Paris court rules against Google in book copyright case

Google's book search project suffered a legal setback in Paris on Friday, as a court ordered it to pay €300,000 (US$432,000) in damages for breach of copyright, and to stop distributing digital copies of French books to French Internet users without the permission of their publishers.

For each day that the books remain accessible online without permission, Google must pay a further €10,000, the court ruled.

French publisher La Martinière Groupe filed suit against Google in June 2006, and was later joined in its case by the French Publishers Association (FPA), representing 400 publishing companies. The FPA will be disappointed by the size of the financial penalty: It had asked the court for €500,000 per day.

The search giant is studying the details of the ruling and plans to appeal, said Philippe Colombet, Strategic Partner Development Manager for Google Books, in a conference call with journalists.

"We regret the court's decision, as it means that French Internet users will have access to less content than Internet users in other countries," he said.

He declined to say whether Google intended to pay the daily fine rather than remove La Martinière's books from its database.

Google has scanned 10 million books, more than half of them in languages other than English.
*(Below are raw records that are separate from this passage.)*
(* Suppose $\nu=\nu_1\times\nu_2\times\cdots\times\nu_d$ is a product probability measure on $\mathcal X=\{1,\dots,B\}^d$. Let $\mathfrak T_1$ and $\mathfrak T_2$ be two tree structures, and let $I_1,I_2\subset\{1,\dots,d\}$ be disjoint sets of indices such that $\mathfrak T_1$ and $\mathfrak T_2$ contain splits only on features in $I_1$ and $I_2$ respectively. Then every local decision stump of $\mathfrak T_1$ is orthogonal in $L^2(\nu)$ to every local decision stump of $\mathfrak T_2$.
   Context: A tree structure is a finite rooted binary tree whose internal nodes carry splitting rules $(v,t)$; each node corresponds to a rectangular region $\mathfrak t\subset\mathcal X$, with the root corresponding to $\mathcal X$, and an internal node $\mathfrak t$ with rule $(v,t)$ has children $\mathfrak t_L=\{\mathbf x\in\mathfrak t:x_v\le t\}$ and $\mathfrak t_R=\{\mathbf x\in\mathfrak t:x_v>t\}$ (both nonempty). A tree "splits on feature $v$" if some internal node has a rule with feature $v$. For each internal node $\mathfrak t$, the local decision stump is the function $$\psi(\mathbf x)=\frac{\nu(\mathfrak t_R)\mathbf 1\{\mathbf x\in\mathfrak t_L\}-\nu(\mathfrak t_L)\mathbf 1\{\mathbf x\in\mathfrak t_R\}}{\sqrt{\nu(\mathfrak t_L)\nu(\mathfrak t_R)}}.$$ *)

theory Defs
  imports Complex_Main "HOL-Library.FuncSet"
begin

definition cube :: "nat \<Rightarrow> nat \<Rightarrow> (nat \<Rightarrow> nat) set" where
  "cube B d = PiE {1..d} (\<lambda>_. {1..B})"
lemma opath_from_source: "\<exists>\<alpha>. opath r \<alpha> \<and> hd \<alpha> \<in> Asrc r \<and> last \<alpha> = x"
proof (induction x rule: measure_induct_rule[where f = "\<lambda>x. nat (\<psi> x - Min (\<psi> ` vertices))"])
  case (less x)
  show ?case
  proof (cases "x \<in> Asrc r")
    case True
    then show ?thesis by (intro exI[of _ "[x]"]) simp
  next
    case False
    then obtain w where w: "r w x"
      by (auto simp: Asrc_def Eset_def)
    then have "Min (\<psi> ` vertices) \<le> \<psi> w"
      by (intro Min_le finite_imageI finite_vertices imageI) (auto simp: vertices_def)
    then obtain \<alpha> where \<alpha>: "opath r \<alpha>" "hd \<alpha> \<in> Asrc r" "last \<alpha> = w"
      using less level_step[OF w] by force
    then show ?thesis
      using opath_snoc[OF \<alpha>(1)] w opath_nonempty[OF \<alpha>(1)] by (intro exI[of _ "\<alpha> @ [x]"]) simp
  qed
qed

lemma opath_to_sink: "\<exists>\<beta>. opath r \<beta> \<and> hd \<beta> = x \<and> last \<beta> \<in> Bsink r"
proof (induction x rule: measure_induct_rule[where f = "\<lambda>x. nat (Max (\<psi> ` vertices) - \<psi> x)"])
  case (less x)
  show ?case
  proof (cases "x \<in> Bsink r")
    case True
    then show ?thesis by (intro exI[of _ "[x]"]) simp
  next
    case False
    then obtain w where w: "r x w"
      by (auto simp: Bsink_def Fset_def)
    then have "\<psi> w \<le> Max (\<psi> ` vertices)"
      by (intro Max_ge finite_imageI finite_vertices imageI) (auto simp: vertices_def)
    then obtain \<beta> where \<beta>: "opath r \<beta>" "hd \<beta> = w" "last \<beta> \<in> Bsink r"
      using less level_step[OF w] by force
    then show ?thesis
      using opath_Cons[OF \<beta>(1)] w opath_nonempty[OF \<beta>(1)] by (intro exI[of _ "x # \<beta>"]) simp
  qed
qed

lemma extremal_through: "\<exists>\<gamma>. extremal r \<gamma> \<and> x \<in> set \<gamma>"
proof -
  obtain \<alpha> where \<alpha>: "opath r \<alpha>" "hd \<alpha> \<in> Asrc r" "last \<alpha> = x"
    using opath_from_source by blast
  obtain \<beta> where \<beta>: "opath r \<beta>" "hd \<beta> = x" "last \<beta> \<in> Bsink r"
    using opath_to_sink by blast
  have "\<alpha> \<noteq> []" "\<beta> \<noteq> []"
    using \<alpha> \<beta> opath_nonempty by auto
  then have "extremal r (\<alpha> @ tl \<beta>)"
    using opath_append[OF \<alpha>(1) \<beta>(1)] \<alpha> \<beta> by (cases \<beta>) (auto simp: extremal_def split: if_splits)
  moreover have "x \<in> set (\<alpha> @ tl \<beta>)"
    using \<alpha> \<open>\<alpha> \<noteq> []\<close> by auto
  ultimately show ?thesis
    by blast
qed

lemma mass_pos:
  assumes "x \<in> vertices"
  shows "mass {x} > 0"
proof -
  obtain \<gamma> where \<gamma>: "extremal r \<gamma>" "x \<in> set \<gamma>"
    using extremal_through by blast
  then have "weight \<gamma> > 0"
    using weight_pos extremal_length assms by (auto simp: extremal_def)
  then show ?thesis
    unfolding mass_def using \<gamma> finite_paths_through[of x "{x}"] assms
    by (intro sum_pos2[of _ \<gamma>]) (auto simp: paths_through_def extremal_def intro: weight_nonneg)
qed

lemma mfun_singleton: "mfun r f g [x] = mass {x}"
proof -
  have "{\<gamma>. extremal r \<gamma> \<and> (\<exists>ks. length ks = length [x] \<and> sorted ks \<and>
      (\<forall>i<length [x]. ks ! i < length \<gamma> \<and> \<gamma> ! (ks ! i) = [x] ! i))} = paths_through {x}"
    by (auto simp: paths_through_def in_set_conv_nth intro: exI[of _ "[_]"])
  then show ?thesis
    unfolding mfun_def mass_def by simp
qed

lemma mfun_pair:
  assumes "\<psi> x \<le> \<psi> y"
  shows "mfun r f g [x, y] = mass {x, y}"
proof -
  have visits: "(\<exists>ks. length ks = length [x, y] \<and> sorted ks \<and>
      (\<forall>i<length [x, y]. ks ! i < length \<gamma> \<and> \<gamma> ! (ks ! i) = [x, y] ! i))
    \<longleftrightarrow> {x, y} \<subseteq> set \<gamma>" if "extremal r \<gamma>" for \<gamma>
  proof
    assume "\<exists>ks. length ks = length [x, y] \<and> sorted ks \<and>
      (\<forall>i<length [x, y]. ks ! i < length \<gamma> \<and> \<gamma> ! (ks ! i) = [x, y] ! i)"
    then obtain ks where ks: "\<forall>i<length [x, y]. ks ! i < length \<gamma> \<and> \<gamma> ! (ks ! i) = [x, y] ! i"
      by blast
    have "ks ! 0 < length \<gamma> \<and> \<gamma> ! (ks ! 0) = x" "ks ! 1 < length \<gamma> \<and> \<gamma> ! (ks ! 1) = y"
      using ks by auto
    then show "{x, y} \<subseteq> set \<gamma>"
      by (metis empty_subsetI insert_subset nth_mem)
  next
    assume "{x, y} \<subseteq> set \<gamma>"
    then obtain i j where ij: "i < length \<gamma>" "\<gamma> ! i = x" "j < length \<gamma>" "\<gamma> ! j = y"
      by (auto simp: in_set_conv_nth)
    moreover have "opath r \<gamma>"
      using that by (simp add: extremal_def)
    ultimately have "i \<le> j"
      using opath_level_le_iff[of \<gamma> i j] assms by simp
    then show "\<exists>ks. length ks = length [x, y] \<and> sorted ks \<and>
      (\<forall>i<length [x, y]. ks ! i < length \<gamma> \<and> \<gamma> ! (ks ! i) = [x, y] ! i)"
      using ij by (intro exI[of _ "[i, j]"]) (auto simp: less_Suc_eq)
  qed
  have "{\<gamma>. extremal r \<gamma> \<and> (\<exists>ks. length ks = length [x, y] \<and> sorted ks \<and>
      (\<forall>i<length [x, y]. ks ! i < length \<gamma> \<and> \<gamma> ! (ks ! i) = [x, y] ! i))} = paths_through {x, y}"
    unfolding paths_through_def by (rule Collect_cong) (rule conj_cong[OF refl visits])
  then show ?thesis
    unfolding mfun_def mass_def by (simp only:)
qed

definition paths_from_source :: "'a \<Rightarrow> 'a list set" where
  "paths_from_source z = {\<alpha>. opath r \<alpha> \<and> hd \<alpha> \<in> Asrc r \<and> last \<alpha> = z}"

definition paths_to_sink :: "'a \<Rightarrow> 'a list set" where
  "paths_to_sink z = {\<beta>. opath r \<beta> \<and> hd \<beta> = z \<and> last \<beta> \<in> Bsink r}"

lemma paths_from_source_length:
  assumes "z \<notin> Asrc r" "\<alpha> \<in> paths_from_source z"
  shows "2 \<le> length \<alpha>"
proof (rule ccontr)
  assume "\<not> 2 \<le> length \<alpha>"
  moreover have "opath r \<alpha>"
    using assms(2) by (simp add: paths_from_source_def)
  ultimately obtain y where "\<alpha> = [y]"
    by (meson not_le opath_length_lt_2)
  then show False
    using assms by (auto simp: paths_from_source_def)
qed

lemma paths_to_sink_length:
  assumes "z \<notin> Bsink r" "\<beta> \<in> paths_to_sink z"
  shows "2 \<le> length \<beta>"
proof (rule ccontr)
  assume "\<not> 2 \<le> length \<beta>"
  moreover have "opath r \<beta>"
    using assms(2) by (simp add: paths_to_sink_def)
  ultimately obtain y where "\<beta> = [y]"
    by (meson not_le opath_length_lt_2)
  then show False
    using assms by (auto simp: paths_to_sink_def)
qed
(* Let $R$ be a commutative $\mathbb{Q}$-algebra with unity, let $\Delta=(V,\mathcal{A})$ be a finite digraph (multi-arcs and multi-loops allowed), and let $\tau,\upsilon:\mathcal{A}\to R$ be arbitrary maps. Define $\theta^{\rm G}:\mathcal{A}\times\mathcal{A}\to R$ by $$\theta^{\rm G}(a,a')=\tau(a')\,\delta_{\mathfrak{h}(a)\mathfrak{t}(a')}-\upsilon(a')\,\delta_{a'\in S(a)}.$$ Then, in $R[[t]]$, $$Z_{\Delta}(t;\theta^{\rm G})^{-1}=f_{\Delta}(t)\,\det\!\left(I-tA_{\Delta}(\theta^{\rm G})+t^2D_{\Delta}(\theta^{\rm G})\right),$$ where $I$ is the identity matrix of size $|V|$ and $f_\Delta$, $A_\Delta(\theta^{\rm G})$, $D_\Delta(\theta^{\rm G})$ are as defined in the context.
   Context: A finite digraph $\Delta=(V,\mathcal{A})$ consists of a finite vertex set $V$ and a finite multiset $\mathcal{A}$ of arcs; each arc $a$ has a tail $\mathfrak{t}(a)\in V$ and head $\mathfrak{h}(a)\in V$ (loops $\mathfrak{t}(a)=\mathfrak{h}(a)$ and parallel arcs are allowed). For $u,v\in V$ let $\mathcal{A}_{uv}=\{a\in\mathcal{A}:\mathfrak{t}(a)=u,\mathfrak{h}(a)=v\}$. For $a\in\mathcal{A}_{uv}$ put $S(a)=\mathcal{A}_{vu}$ (the set of inverse arcs of $a$; in particular every loop at $u$ is an inverse of every loop at $u$, including itself); $\delta_{a'\in S(a)}$ is $1$ if $a'\in S(a)$ and $0$ otherwise, and $\delta_{xy}$ is the Kronecker delta. Zeta function: for a map $\theta:\mathcal{A}\times\mathcal{A}\to R$ and $m\ge1$, let $N_m(\theta)=\sum \theta(a_1,a_2)\theta(a_2,a_3)\cdots\theta(a_{m-1},a_m)\theta(a_m,a_1)$, the sum running over all sequences $(a_1,\dots,a_m)\in\mathcal{A}^m$ with $\mathfrak{h}(a_i)=\mathfrak{t}(a_{i+1})$ for $1\le i\le m-1$ and $\mathfrak{h}(a_m)=\mathfrak{t}(a_1)$ (closed paths of length $m$). Then $Z_\Delta(t;\theta)=\exp\left(\sum_{m\ge1}\frac{N_m(\theta)}{m}t^m\right)\in R[[t]]$. Fix a total order $\le$ on $V$. Let $\mathcal{A}(u,v)=\mathcal{A}_{uv}\cup\mathcal{A}_{vu}$ and $\Phi_\Delta=\{(u,v)\in V\times V: u\le v,\ \mathcal{A}(u,v)\neq\emptyset\}$, and let $\Phi^{(3)}_\Delta=\{(u,v)\in\Phi_\Delta: u\ne v,\ \mathcal{A}_{uv}\ne\emptyset,\ \mathcal{A}_{vu}\neq\emptyset\}$. For $(u,v)\in V\times V$ define $$f_{(u,v)}(t)=\begin{cases}1+t\sum_{a\in\mathcal{A}_{uu}}\upsilon(a), & u=v,\\ 1-t^2\Big(\sum_{a\in\mathcal{A}_{uv}}\upsilon(a)\Big)\Big(\sum_{a\in\mathcal{A}_{vu}}\upsilon(a)\Big), & u\ne v,\end{cases}$$ which is invertible in $R[[t]]$, and $f_\Delta(t)=\prod_{(u,v)\in\Phi_\Delta}f_{(u,v)}(t)$. For $u,v\in V$ put $a_{uv}=\sum_{a\in\mathcal{A}_{uv}}\tau(a)$ and $d_{uv}=\sum_{a\in\mathcal{A}_{uv},\,a'\in\mathcal{A}_{vu}}\tau(a)\upsilon(a')$. Then $A_\Delta(\theta^{\rm G})$ and $D_\Delta(\theta^{\rm G})$ are the $V\times V$ matrices over $R[[t]]$ with entries $$A_\Delta(\theta^{\rm G})_{ww'}=f_{(w,w')}(t)^{-1}a_{ww'},\qquad D_\Delta(\theta^{\rm G})_{ww'}=\delta_{ww'}\sum_{(u,v)\in\Phi^{(3)}_\Delta}f_{(u,v)}(t)^{-1}\left(\delta_{wu}d_{uv}+\delta_{wv}d_{vu}\right).$$ *)

theory Defs
  imports "HOL-Analysis.Analysis" "HOL-Computational_Algebra.Formal_Power_Series"
begin

text \<open>A finite digraph: vertex set = the finite, linearly ordered type 'v;
  arcs = a finite set A of arc labels (parallel arcs / loops = distinct labels
  with equal tail/head), with tail and head maps tail, head.\<close>

definition rinv :: "'r::comm_ring_1 \<Rightarrow> 'r" where
  "rinv x = (THE y. x * y = 1)"

definition finv :: "'r::comm_ring_1 fps \<Rightarrow> 'r fps" where
  "finv g = (THE h. g * h = 1)"

text \<open>Exponential of a power series with zero constant term, over a Q-algebra.\<close>
definition fps_exp_R :: "'r::comm_ring_1 fps \<Rightarrow> 'r fps" where
  "fps_exp_R g = Abs_fps (\<lambda>n. \<Sum>k\<le>n. rinv (of_nat (fact k)) * fps_nth (g ^ k) n)"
Of those, Colombet said, 1.5 million are in the public domain and 2 million have been scanned with the permission of the publisher. The rest are from the collections of U.S. libraries with which Google has partnerships, scanned without the permission of the rights holders, and so Google only displays short extracts in response to search queries, he said.

He couldn't say how many books were affected by Friday's ruling, nor what immediate effect the judgment will have on Google Books France.

Recently published French books warn, underneath their copyright notice, that photocopying of all or part of the book for group use is forbidden, and that "all other forms of reproduction, in whole or in part, is also forbidden without the permission of the publisher."

Yet, said Colombet, "We think that indexing and displaying a book in order to make it easier to buy and search is allowed under French copyright law."

La Martinière Groupe CEO Hervé de La Martiniere was very happy with the court's decision, his spokeswoman Tessa Destais said via e-mail. "It's a great victory for authors' right to create, and for the protection of authors and publishers," she wrote.

Google has faced similar lawsuits elsewhere and is attempting to reach agreement with authors in the U.S. over its scanning of books there. On Nov. 13, with the Authors Guild and the Association of American Publishers, it submitted its latest draft to the court of a proposal it hopes will settle a 2005 class-action lawsuit. Opponents of that deal say it gives Google an unfair advantage in the nascent market for digital reproductions of books.

Friday's ruling in Paris "has no effect on the U.S. settlement, because it only concerns the books of Groupe La Martinière," said Colombet.